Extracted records

☆ ☆ ☆

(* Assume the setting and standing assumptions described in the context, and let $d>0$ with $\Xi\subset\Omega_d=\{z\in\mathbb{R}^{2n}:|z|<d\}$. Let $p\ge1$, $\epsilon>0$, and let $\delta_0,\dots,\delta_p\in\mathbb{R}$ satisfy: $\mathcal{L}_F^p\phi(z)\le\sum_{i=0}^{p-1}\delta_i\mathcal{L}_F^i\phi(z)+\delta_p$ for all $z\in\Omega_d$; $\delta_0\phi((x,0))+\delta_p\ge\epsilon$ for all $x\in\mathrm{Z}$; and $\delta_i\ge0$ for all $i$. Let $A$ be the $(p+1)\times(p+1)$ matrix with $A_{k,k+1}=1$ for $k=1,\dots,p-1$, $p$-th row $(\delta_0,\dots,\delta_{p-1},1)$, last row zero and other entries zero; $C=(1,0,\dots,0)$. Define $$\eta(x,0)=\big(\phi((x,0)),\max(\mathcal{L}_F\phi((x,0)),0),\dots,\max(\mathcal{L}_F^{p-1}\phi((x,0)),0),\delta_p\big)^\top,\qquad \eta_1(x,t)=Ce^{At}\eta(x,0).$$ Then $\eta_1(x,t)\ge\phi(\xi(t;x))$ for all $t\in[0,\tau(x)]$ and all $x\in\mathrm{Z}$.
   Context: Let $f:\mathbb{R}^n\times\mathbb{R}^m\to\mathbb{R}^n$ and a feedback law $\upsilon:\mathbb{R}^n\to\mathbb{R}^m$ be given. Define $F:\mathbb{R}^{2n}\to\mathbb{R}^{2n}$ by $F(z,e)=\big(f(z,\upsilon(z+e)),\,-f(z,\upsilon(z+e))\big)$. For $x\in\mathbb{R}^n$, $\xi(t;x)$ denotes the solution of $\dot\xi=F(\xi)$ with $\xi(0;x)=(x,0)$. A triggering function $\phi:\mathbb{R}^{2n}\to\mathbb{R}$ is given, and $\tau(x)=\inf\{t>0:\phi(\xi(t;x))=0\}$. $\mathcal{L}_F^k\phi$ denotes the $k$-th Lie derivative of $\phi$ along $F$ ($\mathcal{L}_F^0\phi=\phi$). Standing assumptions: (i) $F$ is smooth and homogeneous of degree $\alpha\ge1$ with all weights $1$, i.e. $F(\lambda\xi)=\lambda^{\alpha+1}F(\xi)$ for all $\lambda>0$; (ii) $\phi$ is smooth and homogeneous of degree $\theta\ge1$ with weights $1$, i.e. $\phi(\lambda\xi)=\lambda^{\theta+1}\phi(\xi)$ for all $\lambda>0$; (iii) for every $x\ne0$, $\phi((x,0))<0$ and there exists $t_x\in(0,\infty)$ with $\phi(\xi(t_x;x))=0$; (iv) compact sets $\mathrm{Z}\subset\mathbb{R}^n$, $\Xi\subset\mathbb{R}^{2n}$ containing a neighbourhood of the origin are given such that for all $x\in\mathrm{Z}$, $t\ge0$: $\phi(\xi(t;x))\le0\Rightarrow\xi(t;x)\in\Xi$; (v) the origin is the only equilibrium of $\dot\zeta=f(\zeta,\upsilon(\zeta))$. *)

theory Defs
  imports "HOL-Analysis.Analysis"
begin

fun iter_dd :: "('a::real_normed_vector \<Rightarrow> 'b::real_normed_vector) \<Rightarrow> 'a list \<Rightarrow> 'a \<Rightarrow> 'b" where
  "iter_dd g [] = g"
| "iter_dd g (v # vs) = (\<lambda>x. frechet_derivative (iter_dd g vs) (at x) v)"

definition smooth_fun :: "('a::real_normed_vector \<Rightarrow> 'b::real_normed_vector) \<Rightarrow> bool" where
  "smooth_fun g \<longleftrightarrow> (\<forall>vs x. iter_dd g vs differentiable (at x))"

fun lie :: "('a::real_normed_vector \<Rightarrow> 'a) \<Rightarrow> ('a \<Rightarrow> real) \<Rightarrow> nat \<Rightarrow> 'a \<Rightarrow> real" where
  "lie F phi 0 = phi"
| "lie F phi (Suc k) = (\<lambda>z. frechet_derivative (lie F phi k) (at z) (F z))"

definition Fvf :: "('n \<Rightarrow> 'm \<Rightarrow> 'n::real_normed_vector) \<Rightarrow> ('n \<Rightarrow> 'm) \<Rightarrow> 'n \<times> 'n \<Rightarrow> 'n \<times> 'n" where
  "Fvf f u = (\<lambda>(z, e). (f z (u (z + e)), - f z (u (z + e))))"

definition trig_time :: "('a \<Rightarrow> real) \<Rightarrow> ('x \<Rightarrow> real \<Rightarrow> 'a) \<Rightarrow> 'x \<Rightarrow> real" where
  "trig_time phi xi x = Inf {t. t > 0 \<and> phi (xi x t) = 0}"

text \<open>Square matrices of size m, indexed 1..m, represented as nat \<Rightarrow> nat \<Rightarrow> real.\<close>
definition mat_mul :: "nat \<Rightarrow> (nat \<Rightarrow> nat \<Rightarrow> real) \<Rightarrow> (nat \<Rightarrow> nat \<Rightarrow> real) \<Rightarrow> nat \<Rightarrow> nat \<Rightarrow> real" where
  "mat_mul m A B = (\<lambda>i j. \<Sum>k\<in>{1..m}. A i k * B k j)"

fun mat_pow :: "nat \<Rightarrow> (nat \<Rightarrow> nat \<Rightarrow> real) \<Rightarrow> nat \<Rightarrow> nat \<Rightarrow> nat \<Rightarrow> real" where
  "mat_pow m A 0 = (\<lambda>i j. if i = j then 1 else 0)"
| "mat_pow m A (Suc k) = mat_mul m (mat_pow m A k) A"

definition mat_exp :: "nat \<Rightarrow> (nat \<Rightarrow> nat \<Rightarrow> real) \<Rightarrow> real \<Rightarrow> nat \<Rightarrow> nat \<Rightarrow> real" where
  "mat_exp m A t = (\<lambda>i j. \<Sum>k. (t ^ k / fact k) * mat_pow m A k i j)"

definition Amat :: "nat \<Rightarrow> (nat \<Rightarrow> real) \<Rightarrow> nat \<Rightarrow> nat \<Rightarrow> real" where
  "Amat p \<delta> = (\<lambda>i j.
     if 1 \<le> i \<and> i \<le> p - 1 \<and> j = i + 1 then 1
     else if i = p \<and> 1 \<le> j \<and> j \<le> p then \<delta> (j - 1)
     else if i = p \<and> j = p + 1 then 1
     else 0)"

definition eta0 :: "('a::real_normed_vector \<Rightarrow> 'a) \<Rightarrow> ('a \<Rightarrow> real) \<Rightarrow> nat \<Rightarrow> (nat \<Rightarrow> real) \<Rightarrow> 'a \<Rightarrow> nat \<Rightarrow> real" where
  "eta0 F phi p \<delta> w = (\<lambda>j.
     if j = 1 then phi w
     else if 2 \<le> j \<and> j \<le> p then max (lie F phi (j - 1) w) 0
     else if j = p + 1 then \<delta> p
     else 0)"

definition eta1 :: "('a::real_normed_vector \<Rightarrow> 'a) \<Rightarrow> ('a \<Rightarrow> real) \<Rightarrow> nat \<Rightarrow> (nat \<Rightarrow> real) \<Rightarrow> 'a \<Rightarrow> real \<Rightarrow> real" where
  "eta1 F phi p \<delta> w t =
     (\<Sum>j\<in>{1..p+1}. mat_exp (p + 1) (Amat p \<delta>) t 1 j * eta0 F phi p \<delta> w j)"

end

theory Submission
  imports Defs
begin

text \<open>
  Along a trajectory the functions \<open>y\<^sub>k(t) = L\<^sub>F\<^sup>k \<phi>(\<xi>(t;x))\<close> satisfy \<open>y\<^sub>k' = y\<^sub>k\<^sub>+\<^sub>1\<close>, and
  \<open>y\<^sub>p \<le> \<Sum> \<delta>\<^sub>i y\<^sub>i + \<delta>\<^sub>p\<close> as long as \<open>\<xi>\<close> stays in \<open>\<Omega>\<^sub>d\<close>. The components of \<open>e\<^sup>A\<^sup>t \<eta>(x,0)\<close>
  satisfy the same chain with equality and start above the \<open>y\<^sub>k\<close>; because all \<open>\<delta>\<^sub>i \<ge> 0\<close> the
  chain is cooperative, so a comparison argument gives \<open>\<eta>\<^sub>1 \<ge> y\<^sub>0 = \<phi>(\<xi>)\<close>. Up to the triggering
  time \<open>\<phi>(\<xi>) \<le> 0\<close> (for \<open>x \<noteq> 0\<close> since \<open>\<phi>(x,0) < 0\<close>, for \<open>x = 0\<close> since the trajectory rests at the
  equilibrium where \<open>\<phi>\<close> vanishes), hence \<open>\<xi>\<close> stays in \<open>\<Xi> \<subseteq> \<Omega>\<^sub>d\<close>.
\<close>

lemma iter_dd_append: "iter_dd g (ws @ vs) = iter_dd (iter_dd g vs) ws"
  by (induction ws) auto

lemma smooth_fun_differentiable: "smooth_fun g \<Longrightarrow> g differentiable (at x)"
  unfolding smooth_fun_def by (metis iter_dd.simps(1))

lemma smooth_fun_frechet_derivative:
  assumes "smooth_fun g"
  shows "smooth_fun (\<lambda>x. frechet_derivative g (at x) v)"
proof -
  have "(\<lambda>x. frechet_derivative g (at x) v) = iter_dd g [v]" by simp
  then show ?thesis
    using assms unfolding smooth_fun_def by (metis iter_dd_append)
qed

☆ ☆ ☆

● Assignment: What is needed is an exact copy of the line containing "equilibrium where \<open>\<phi>\<close>" and each line after it, through the final line of the entries above.

● Solution to the exercise:
  equilibrium where \<open>\<phi>\<close> vanishes), hence \<open>\<xi>\<close> stays in \<open>\<Xi> \<subseteq> \<Omega>\<^sub>d\<close>.
\<close>

lemma iter_dd_append: "iter_dd g (ws @ vs) = iter_dd (iter_dd g vs) ws"
  by (induction ws) auto

lemma smooth_fun_differentiable: "smooth_fun g \<Longrightarrow> g differentiable (at x)"
  unfolding smooth_fun_def by (metis iter_dd.simps(1))

lemma smooth_fun_frechet_derivative:
  assumes "smooth_fun g"
  shows "smooth_fun (\<lambda>x. frechet_derivative g (at x) v)"
proof -
  have "(\<lambda>x. frechet_derivative g (at x) v) = iter_dd g [v]" by simp
  then show ?thesis
    using assms unfolding smooth_fun_def by (metis iter_dd_append)
qed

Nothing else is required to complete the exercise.